The construction of the tunnels was rather easy because of the softness of the clays and cherts. The miners started at the Aare river where a spring emerged at the foot of the river bank, below the city center of Aargau. They followed the water in the general direction of the new facory grounds. After they had dug a while, they blocked the water with a small dam, and then dug off material, mostly soft clay and cherts, which soon became mud in the water. When they opened the dam the mud was flushed out of the tunnel without further work. This simple technique reduced the workload pretty much and speeded the mining. But the soft rock was also dangerous, there was the problem of collapse. In order to make it safe, the tunnels had to be walled completely with bricks and mortar.

one of the few bigger chambers.

The whole construction, started probably soon after Mayer returned from Germany in 1791. It took numerous years, especially the collector tunnels were continued for some time. And is was done rather secretly. He told nobody what he was doing and never asked for permission. The workers were forced to be silent about the tunnels, he employed only foreign miners who afterwards moved away. If this was just paranoia is not clear, but the right to use water was very valuable and often fought for before the court. And unfortunately the drainage he had created reduced the amount of water in the Stadtbach brook above surface, which would have cause a trial if his neighbours knew. But it took several years until someone noticed the underground waterwheel. Floods after heavy rains caused the cellars of neighbours to be flooded, the water dammed in the the upper tunnels for the waterwheel flooded them.

In 1803 a complaint resulted in the official order to hand in an application for the use of the water. This would have caused official examination of the tunnels, probably a fee, and probably the allowance would not have been given. So he simply forgot to hand in the application. And as he was a famous politician, an important entrepreneur, employer, and tax payer, he was never forced to do it. The situation stayed as it was for decades, until his son finally handed in the application.
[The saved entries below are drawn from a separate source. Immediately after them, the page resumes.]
(* Let $v$ be a node of degree $d\ge1$ in an undirected graph, and let $\epsilon\in(0,1)$, $\delta\in(0,1)$. Suppose $\ell$ independent traces of the cascade process with $p=1$ and known rate $\lambda>0$ start from $v$, and for trace $i$ let $t_i$ be the difference between the infection time of the second node of the trace and that of $v$. Let $T=\sum_{i=1}^{\ell}t_i$ and let the degree algorithm return $\hat d=\frac{\ell}{T\lambda}$. There is an absolute constant $C$ such that if $\ell\ge C\frac{\ln\delta^{-1}}{\epsilon^2}$, then $\Pr\left[|\hat d-d|\le\epsilon d\right]\ge1-\delta$.
   Context: Cascade process with $p=1$ and rate $\lambda$ from source $v$: every edge receives an independent length drawn from $\mathrm{Exp}(\lambda)$ (rate $\lambda$); the infection time of each node is its shortest-path distance from $v$ (so $v$ has infection time $0$); the trace lists the nodes in increasing order of infection time with their times. *)

theory Defs
  imports "HOL-Probability.Probability"
begin

definition ugraph :: "nat set \<Rightarrow> nat set set \<Rightarrow> bool" where
  "ugraph V E \<longleftrightarrow> finite V \<and> (\<forall>e\<in>E. e \<subseteq> V \<and> card e = 2)"

definition degree :: "nat set set \<Rightarrow> nat \<Rightarrow> nat" where
  "degree E v = card {u. {v, u} \<in> E}"

fun is_walk :: "nat set set \<Rightarrow> nat list \<Rightarrow> bool" where
  "is_walk E [] = False"
| "is_walk E [u] = True"
| "is_walk E (u # w # ws) = ({u, w} \<in> E \<and> is_walk E (w # ws))"

fun walk_len :: "(nat set \<Rightarrow> real) \<Rightarrow> nat list \<Rightarrow> real" where
  "walk_len L [] = 0"
| "walk_len L [u] = 0"
| "walk_len L (u # w # ws) = L {u, w} + walk_len L (w # ws)"

definition reachable :: "nat set set \<Rightarrow> nat \<Rightarrow> nat \<Rightarrow> bool" where
  "reachable E v u \<longleftrightarrow> (\<exists>p. is_walk E p \<and> hd p = v \<and> last p = u)"

definition infection_time :: "nat set set \<Rightarrow> (nat set \<Rightarrow> real) \<Rightarrow> nat \<Rightarrow> nat \<Rightarrow> real" where
  "infection_time E L v u =
     Inf {walk_len L p | p. is_walk E p \<and> hd p = v \<and> last p = u}"

text \<open>Infection time of the second node of the trace minus that of the source v
 (the trace lists infected nodes by increasing infection time; the second node is the
 infected node other than v with the smallest infection time).\<close>
definition second_gap :: "nat set set \<Rightarrow> (nat set \<Rightarrow> real) \<Rightarrow> nat \<Rightarrow> real" where
  "second_gap E L v =
     Min (infection_time E L v ` {u. u \<noteq> v \<and> reachable E v u}) - infection_time E L v v"

text \<open>Probability space of l independent traces: trace i uses independent
 Exp(lam) edge lengths \<omega> i e for every edge e.\<close>
definition cascade_space :: "nat set set \<Rightarrow> real \<Rightarrow> nat \<Rightarrow> (nat \<Rightarrow> nat set \<Rightarrow> real) measure" where
  "cascade_space E lam l =
     PiM {..<l} (\<lambda>i. PiM E (\<lambda>e. density lborel (exponential_density lam)))"

definition degree_estimate :: "nat set set \<Rightarrow> real \<Rightarrow> nat \<Rightarrow> nat \<Rightarrow> (nat \<Rightarrow> nat set \<Rightarrow> real) \<Rightarrow> real" where
  "degree_estimate E lam l v \<omega> = real l / ((\<Sum>i<l. second_gap E (\<omega> i) v) * lam)"

end

theory Submission
  imports Defs
begin

text \<open>
  With nonnegative edge lengths the second node of a trace is reached through the shortest
  of the \<open>d\<close> edges at \<open>v\<close>, so each gap \<open>t\<^sub>i\<close> is a minimum of \<open>d\<close> independent
  \<open>Exp(\<lambda>)\<close> variables, i.e. \<open>Exp(d\<lambda>)\<close>, and \<open>d\<lambda>T\<close> has the Erlang law \<open>Gamma(l, 1)\<close>.
  The estimate is \<open>\<epsilon>\<close>-accurate iff \<open>d\<lambda>T \<in> [l/(1+\<epsilon>), l/(1-\<epsilon>)]\<close>. If \<open>l\<epsilon>\<^sup>2\<close> is large,
  Chernoff bounds on both tails give failure probability \<open>2 exp(-l\<epsilon>\<^sup>2/32) \<le> \<delta>\<close>. If \<open>l\<epsilon>\<^sup>2\<close>
  is small, the hypothesis forces \<open>1 - \<delta> \<le> ln(1/\<delta>) \<le> l\<epsilon>\<^sup>2/C\<close>, while a Stirling-type lower
  bound on the Erlang density near its mode gives the interval probability of order
  \<open>\<epsilon>\<surd>l \<ge> l\<epsilon>\<^sup>2/8\<close>. Both cases work with \<open>C = 16 exp 67\<close>.
\<close>

section \<open>Shortest paths and the second node of a trace\<close>

lemma ugraph_finite_edges: "ugraph V E \<Longrightarrow> finite E"
  unfolding ugraph_def by (meson Pow_iff finite_Pow_iff finite_subset subsetI)

lemma ugraph_incident_edge:
  assumes "ugraph V E" "e \<in> E" "v \<in> e"
  obtains u where "u \<noteq> v" "e = {v, u}"
proof -
  obtain x y where xy: "e = {x, y}" "x \<noteq> y"
    using assms by (auto simp: ugraph_def card_2_iff)
  thus ?thesis
    using assms(3) that by (metis doubleton_eq_iff insertE singletonD)
qed

lemma degree_eq_card_incident:
  assumes "ugraph V E"
  shows "degree E v = card {e \<in> E. v \<in> e}"
proof -
  have "{e \<in> E. v \<in> e} = (\<lambda>u. {v, u}) ` {u. {v, u} \<in> E}"
    by (auto elim: ugraph_incident_edge[OF assms])
  moreover have "inj_on (\<lambda>u. {v, u}) {u. {v, u} \<in> E}"
    by (auto simp: inj_on_def doubleton_eq_iff)
  ultimately show ?thesis
    unfolding degree_def by (simp add: card_image)
qed

lemma walk_len_nonneg: "is_walk E p \<Longrightarrow> \<forall>e\<in>E. 0 \<le> L e \<Longrightarrow> 0 \<le> walk_len L p"
  by (induction E p rule: is_walk.induct) auto

lemma walk_last_in_vertices: "ugraph V E \<Longrightarrow> is_walk E p \<Longrightarrow> hd p \<in> V \<Longrightarrow> last p \<in> V"
  by (induction E p rule: is_walk.induct) (auto simp: ugraph_def)

lemma finite_reachable:
  assumes "ugraph V E" "v \<in> V"
  shows "finite {u. reachable E v u}"
proof (rule finite_subset)
  show "{u. reachable E v u} \<subseteq> V"
    using walk_last_in_vertices[OF assms(1)] assms(2) unfolding reachable_def by fastforce
  show "finite V"
    using assms(1) by (simp add: ugraph_def)
qed

lemma walk_first_edge:
  assumes "is_walk E p" "hd p = v" "last p \<noteq> v"
  obtains w ws where "p = v # w # ws" "{v, w} \<in> E" "is_walk E (w # ws)"
  using assms by (cases "(E, p)" rule: is_walk.cases) auto

lemma bdd_below_walk_lengths:
  "\<forall>e\<in>E. 0 \<le> L e \<Longrightarrow> bdd_below {walk_len L p | p. is_walk E p \<and> hd p = v \<and> last p = u}"
  by (rule bdd_belowI[of _ 0]) (auto intro: walk_len_nonneg)

lemma infection_time_source:
  assumes "\<forall>e\<in>E. 0 \<le> L e"
  shows "infection_time E L v v = 0"
  unfolding infection_time_def
proof (rule cInf_eq_minimum)
  show "0 \<in> {walk_len L p | p. is_walk E p \<and> hd p = v \<and> last p = v}"
    by (rule CollectI, rule exI[of _ "[v]"]) simp
qed (use walk_len_nonneg assms in auto)

lemma infection_time_le_edge:
  assumes "\<forall>e\<in>E. 0 \<le> L e" "{v, u} \<in> E"
  shows "infection_time E L v u \<le> L {v, u}"
  unfolding infection_time_def
proof (rule cInf_lower[OF _ bdd_below_walk_lengths[OF assms(1)]])
  show "L {v, u} \<in> {walk_len L p | p. is_walk E p \<and> hd p = v \<and> last p = u}"
    using assms(2) by (intro CollectI exI[of _ "[v, u]"]) simp
qed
Mayer lived on the northern side of his factory area, in a house named Feerhaus, after his next owner. It is unclear when he died, the official year of his death is 1825, but this was defined 100 years after his death, because of the lack of official documents. Later some letters were found which suggest that he still lived in 1829.

The tunnels were underground, unnoticed for a long time. When the wooden wheel was not needed any more it started to decay. But the tunnels remained open all the time. During the early 1960s the tunnels were surveyed by Rainer Meng and some friends. In 1982 the Swiss Post constructed a new building, right on top of the water wheel. As a result the wheel chamber and the wheel were discovered and then destroyed to make the foundation of the building safe. The tunnell system was cut into two parts. A side entrance still existed in the Feerhaus beneath the church St. Georg, and subsequently the city of Aarau tried to survey the tunnels in order to make future development of the city save. Archaeologists explored the tunnels and started to make tours from the 1990s on. Later members of the boys scouts guided tours. Today the tours are organized by a non profit organization which was founded in 1999 by the people involved in the protection of the tunnels.

The tours start in the cellar of the Feerhaus, here is the possibility to change clothes. Old clothes, rubber boots, helmet, headlamp and gloves are very much recommended. Bring also fresh clothes to change afterwards. The tunnels are wet and full of clay and you will become dirty. However, there is no need to crawl, so you will normally not get soaked. A wash basin in the cellar allows to clean the clothes afterwards.